= Women's Classical Caucus =

The Women's Classical Caucus, Inc. (WCC) is an affiliate of the American Philological Association, the organization for North American scholars and teachers of Greek and Latin language, literature, and culture (known as "classicists"), Greek and Roman historians, and scholars of ancient philosophy, science, material culture, papyrology, epigraphy, and other fields. The WCC also maintains liaisons with the American Institute of Archaeology and with the Lambda Classical Caucus, formerly the Lesbian and Gay Classical Caucus.

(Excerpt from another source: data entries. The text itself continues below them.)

(* Let $\gamma_0,\gamma_1,\gamma_2,\gamma_3$ be $4\times4$ Dirac matrices, let $m$ be a constant, and define the $4\times 4$ matrices \[ J_1=\tfrac12\gamma_0,\quad J_2=\tfrac{i}{2}\gamma_3,\quad J_3=\tfrac{i}{2}\gamma_3\gamma_0 . \] Let $V(x)$ be a smooth function satisfying, for some fixed $N\in\mathbf{N}$ and constants $C_0,\ldots,C_N$ not all zero, the higher stationary mKdV equation \[ \sum_{k=0}^{N} C_k S_k=0,\qquad S_k=\mathcal{Y}^k V', \] where $\mathcal{Y}=D_x^2+V^2+V_xD_x^{-1}V$, $D_x=\frac{d}{dx}$, and $D_x^{-1}$ denotes the inverse of $D_x$ (integration in $x$). Then the system of ODEs \[ \big(D_x-V(x)J_3-mJ_2\big)\varphi=0 \] for a four-component complex-valued function $\varphi(x)$ is integrable by quadratures.
   Context: Dirac matrices are $4\times4$ matrices satisfying $\gamma_\mu\gamma_\nu+\gamma_\nu\gamma_\mu=2g_{\mu\nu}I$ with $g=\mathrm{diag}(1,-1,-1,-1)$. In the operator $\mathcal{Y}=D_x^2+V^2+V_xD_x^{-1}V$, the term $V_xD_x^{-1}V$ acts on a function $u$ as $V_x\cdot D_x^{-1}(Vu)$; $\mathcal{Y}$ is the recursion operator of the mKdV equation $V_t+V_{xxx}+\tfrac32V^2V_x=0$, and $S_k=\mathcal{Y}^kV'$ are its higher symmetries; for $N=1$ the equation reduces to $C_1(V'''+\tfrac32V^2V')+C_0'V'=0$ type stationary mKdV. "Integrable by quadratures" means that the general solution can be obtained by a finite sequence of algebraic operations, integrations of known functions, and compositions/exponentiations of known functions. *)

theory Defs
  imports "HOL-Analysis.Analysis"
begin

definition minkowski :: "nat \<Rightarrow> nat \<Rightarrow> complex" where
  "minkowski \<mu> \<nu> = (if \<mu> = \<nu> then (if \<mu> = 0 then 1 else -1) else 0)"

definition dirac_matrices :: "(nat \<Rightarrow> complex^4^4) \<Rightarrow> bool" where
  "dirac_matrices \<gamma> \<longleftrightarrow>
     (\<forall>\<mu><4. \<forall>\<nu><4. \<gamma> \<mu> ** \<gamma> \<nu> + \<gamma> \<nu> ** \<gamma> \<mu> = mat (2 * minkowski \<mu> \<nu>))"

definition J1 :: "(nat \<Rightarrow> complex^4^4) \<Rightarrow> complex^4^4" where
  "J1 \<gamma> = mat (1/2) ** \<gamma> 0"
definition J2 :: "(nat \<Rightarrow> complex^4^4) \<Rightarrow> complex^4^4" where
  "J2 \<gamma> = mat (\<i>/2) ** \<gamma> 3"
definition J3 :: "(nat \<Rightarrow> complex^4^4) \<Rightarrow> complex^4^4" where
  "J3 \<gamma> = mat (\<i>/2) ** \<gamma> 3 ** \<gamma> 0"

text \<open>Higher symmetries S_k = Y^k V' of mKdV, where Y = D^2 + V^2 + V_x D^{-1} V.
  D^{-1} is integration, determined up to an additive constant; at each step some
  antiderivative W_k of V*S_k is chosen:
  S_0 = V',  S_{k+1} = S_k'' + V^2 S_k + V' W_k  with  W_k' = V S_k.\<close>
definition mkdv_symmetries :: "(real \<Rightarrow> real) \<Rightarrow> (nat \<Rightarrow> real \<Rightarrow> real) \<Rightarrow> bool" where
  "mkdv_symmetries V S \<longleftrightarrow>
     S 0 = deriv V \<and>
     (\<forall>k. \<exists>W. (\<forall>x. (W has_real_derivative (V x * S k x)) (at x)) \<and>
              S (Suc k) = (\<lambda>x. deriv (deriv (S k)) x + (V x)^2 * S k x + deriv V x * W x))"

text \<open>Functions obtainable by quadratures on the set I from the known data:
  complex constants, the variable x, the potential V; closed under field operations,
  differentiation, integration, exponentiation, and (continuous branches of) algebraic
  functions over the class.\<close>
inductive quad :: "(real \<Rightarrow> real) \<Rightarrow> real set \<Rightarrow> (real \<Rightarrow> complex) \<Rightarrow> bool"
  for V :: "real \<Rightarrow> real" and I :: "real set" where
  q_const: "quad V I (\<lambda>x. c)"
| q_var: "quad V I (\<lambda>x. complex_of_real x)"
| q_V: "quad V I (\<lambda>x. complex_of_real (V x))"
| q_cong: "quad V I f \<Longrightarrow> (\<forall>x\<in>I. g x = f x) \<Longrightarrow> quad V I g"
| q_add: "quad V I f \<Longrightarrow> quad V I g \<Longrightarrow> quad V I (\<lambda>x. f x + g x)"
| q_mult: "quad V I f \<Longrightarrow> quad V I g \<Longrightarrow> quad V I (\<lambda>x. f x * g x)"
| q_inv: "quad V I f \<Longrightarrow> (\<forall>x\<in>I. f x \<noteq> 0) \<Longrightarrow> quad V I (\<lambda>x. inverse (f x))"
| q_deriv: "quad V I f \<Longrightarrow> (\<forall>x\<in>I. (f has_vector_derivative g x) (at x)) \<Longrightarrow> quad V I g"
| q_integral: "quad V I f \<Longrightarrow> (\<forall>x\<in>I. (g has_vector_derivative f x) (at x)) \<Longrightarrow> quad V I g"
| q_exp: "quad V I f \<Longrightarrow> quad V I (\<lambda>x. exp (f x))"
| q_alg: "(\<forall>k<length cs. quad V I (cs ! k)) \<Longrightarrow> length cs \<ge> 2 \<Longrightarrow>
          (\<forall>x\<in>I. last cs x \<noteq> 0) \<Longrightarrow> continuous_on I g \<Longrightarrow>
          (\<forall>x\<in>I. (\<Sum>k<length cs. (cs ! k) x * g x ^ k) = 0) \<Longrightarrow> quad V I g"

definition integrable_by_quadratures ::
    "(real \<Rightarrow> real) \<Rightarrow> (real \<Rightarrow> complex^4^4) \<Rightarrow> bool" where
  "integrable_by_quadratures V A \<longleftrightarrow>
     (\<forall>a b. a < b \<longrightarrow> (\<exists>c d. a \<le> c \<and> c < d \<and> d \<le> b \<and>
        (\<exists>\<Phi> :: real \<Rightarrow> complex^4^4.
           (\<forall>i j. quad V {c<..<d} (\<lambda>x. \<Phi> x $ i $ j)) \<and>
           (\<forall>x\<in>{c<..<d}. (\<Phi> has_vector_derivative (A x ** \<Phi> x)) (at x) \<and> det (\<Phi> x) \<noteq> 0))))"

end

theory Submission
  imports Defs
begin

text \<open>
  The coefficient \<open>A = V J\<^sub>3 + m J\<^sub>2\<close> lies in the split-quaternion subalgebra spanned by
  1, \<open>\<gamma>\<^sub>0\<close>, \<open>\<gamma>\<^sub>3\<close>, \<open>\<gamma>\<^sub>3\<gamma>\<^sub>0\<close>. Seeking the fundamental matrix in that subalgebra reduces
  the system to the 2\<times>2 system \<open>u' = \<onehalf>[[m, V], [-V, -m]] u\<close>: two of its solutions with
  nonzero Wronskian give a fundamental matrix, and from one solution with \<open>u\<^sub>1 \<noteq> 0\<close> a
  second is obtained by one quadrature (reduction of order).

  For \<open>m = 0\<close> or constant \<open>V\<close> the reduced system is \<open>f(x) B\<close> with a constant matrix \<open>B\<close>
  and is solved by \<open>exp (\<Theta> B)\<close>, \<open>\<Theta>' = f\<close>. Otherwise divide \<open>\<Sum> C\<^sub>k X\<^sup>k\<close> by \<open>X - m\<^sup>2\<close>: the
  quotient applied to the symmetries gives a function \<open>p\<close>, and one integration more gives
  functions \<open>q, r\<close>, all known by quadratures, such that \<open>L = [[q, p + r], [p - r, -q]]\<close> solves
  the Lax equation \<open>L' = [A, L]\<close> of the reduced system. An eigenvector of \<open>L\<close>, normalised by
  \<open>exp \<integral>g\<close>, is then a solution. Where \<open>p + r\<close> vanishes identically, either \<open>V = 0\<close> or
  \<open>p = 0\<close>, which is a stationary relation of lower order, and induction on \<open>N\<close> applies.
\<close>


lemma antiderivative_on_open_interval:
  fixes f :: "real \<Rightarrow> 'a::euclidean_space"
  assumes "continuous_on {a<..<b} f"
  obtains F where "\<And>x. x \<in> {a<..<b} \<Longrightarrow> (F has_vector_derivative f x) (at x)"
proof (cases "a < b")
  case True
  have "isCont f x" if "a < x" "x < b" for x
    using assms that by (simp add: continuous_on_eq_continuous_at)
  then have "\<exists>F. \<forall>x. ereal a < ereal x \<longrightarrow> ereal x < ereal b \<longrightarrow>
      (F has_vector_derivative f x) (at x)"
    using True by (intro einterval_antiderivative) simp_all
  then show ?thesis
    using that by auto
qed (use that in auto)

lemma continuous_nonzero_subinterval:
  fixes f :: "real \<Rightarrow> 'a::real_normed_vector"
  assumes "continuous_on {a<..<b} f" "x0 \<in> {a<..<b}" "f x0 \<noteq> 0"
  obtains c d where "a \<le> c" "c < d" "d \<le> b" "\<forall>x\<in>{c<..<d}. f x \<noteq> 0"
proof -
  have "open (f -` (- {0}) \<inter> {a<..<b})"
    using assms(1) by (simp add: continuous_on_open_vimage open_Compl)
  moreover have "x0 \<in> f -` (- {0}) \<inter> {a<..<b}"
    using assms(2,3) by simp
  ultimately obtain e where "e > 0" and e: "ball x0 e \<subseteq> f -` (- {0}) \<inter> {a<..<b}"
    by (rule openE)
  show thesis
  proof (rule that)
    show "a \<le> max a (x0 - e)" "min b (x0 + e) \<le> b" by simp_all
    show "max a (x0 - e) < min b (x0 + e)" using \<open>e > 0\<close> assms(2) by simp
    show "\<forall>x\<in>{max a (x0 - e)<..<min b (x0 + e)}. f x \<noteq> 0"
    proof
      fix x assume "x \<in> {max a (x0 - e)<..<min b (x0 + e)}"
      then have "x \<in> ball x0 e" by (simp add: ball_eq_greaterThanLessThan)
      from subsetD[OF e this] show "f x \<noteq> 0" by simp
    qed
  qed
qed

lemma has_real_derivative_vanishing:
  fixes f :: "real \<Rightarrow> real"
  assumes "(f has_real_derivative D) (at x)" "open S" "x \<in> S" "\<And>y. y \<in> S \<Longrightarrow> f y = 0"
  shows "D = 0"
proof -
  have "((\<lambda>y. 0) has_real_derivative D) (at x)"
    using has_field_derivative_transform_within_open[OF assms(1-3)] assms(4) by auto
  then show ?thesis
    using DERIV_const DERIV_unique by blast
qed

lemma has_vector_derivative_exp:
  fixes g :: "real \<Rightarrow> 'a::{real_normed_field,banach}"
  assumes "(g has_vector_derivative g') (at x)"
  shows "((\<lambda>x. exp (g x)) has_vector_derivative g' * exp (g x)) (at x)"
  using field_vector_diff_chain_at[OF assms DERIV_exp] by (simp add: o_def)

lemma has_vector_derivative_inverse:
  fixes g :: "real \<Rightarrow> 'a::real_normed_field"
  assumes "(g has_vector_derivative g') (at x)" "g x \<noteq> 0"
  shows "((\<lambda>x. inverse (g x)) has_vector_derivative - g' / (g x * g x)) (at x)"
  using field_vector_diff_chain_at[OF assms(1) DERIV_inverse[OF assms(2)]] assms(2)
  by (simp add: o_def field_simps power2_eq_square)

fun differentiable_upto :: "nat \<Rightarrow> (real \<Rightarrow> real) \<Rightarrow> bool" where
  "differentiable_upto 0 f \<longleftrightarrow> (\<forall>x. f differentiable (at x))"
| "differentiable_upto (Suc n) f \<longleftrightarrow> (\<forall>x. f differentiable (at x)) \<and> differentiable_upto n (deriv f)"

definition smooth :: "(real \<Rightarrow> real) \<Rightarrow> bool" where
  "smooth f \<longleftrightarrow> (\<forall>n. differentiable_upto n f)"

lemma differentiable_upto_differentiable: "differentiable_upto n f \<Longrightarrow> f differentiable (at x)"
  by (cases n) simp_all

lemma differentiable_upto_Suc_imp: "differentiable_upto (Suc n) f \<Longrightarrow> differentiable_upto n f"
  by (induction n arbitrary: f) simp_all

lemma real_differentiable_imp_field_differentiable:
  "f differentiable (at x) \<Longrightarrow> f field_differentiable (at x)"
  for f :: "real \<Rightarrow> real"
  by (simp add: field_differentiable_def real_differentiable_def)

lemma differentiable_upto_add:
  "differentiable_upto n f \<Longrightarrow> differentiable_upto n g \<Longrightarrow> differentiable_upto n (\<lambda>x. f x + g x)"
proof (induction n arbitrary: f g)
  case (Suc n)
  then have "deriv (\<lambda>x. f x + g x) = (\<lambda>x. deriv f x + deriv g x)"
    by (simp add: fun_eq_iff real_differentiable_imp_field_differentiable)
  with Suc show ?case by simp
qed simp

== History, Membership, Goals ==
The WCC is a not-for-profit group founded in 1972 and incorporated in 1992; membership is open to men as well as women. University professors and graduate students make up the majority of its members, but membership includes high school teachers, independent scholars, college students, and retired academics. According to its website, the group's goals are both scholarly and professional. It seeks to incorporate feminist perspectives in the study and teaching of ancient Mediterranean cultures, particularly the study of women in classical antiquity. It also strives to advance the goals of equality and diversity within the profession of Classics, to foster supportive professional relationships among classicists concerned with questions of gender, and to forge links with feminist scholars in other disciplines. The WCC also publishes Cloelia, an annual newsletter.

Its Steering Committee meets each year at the APA Annual Meeting, when the group also hosts
get-togethers for graduate students and a Business Meeting open to all members.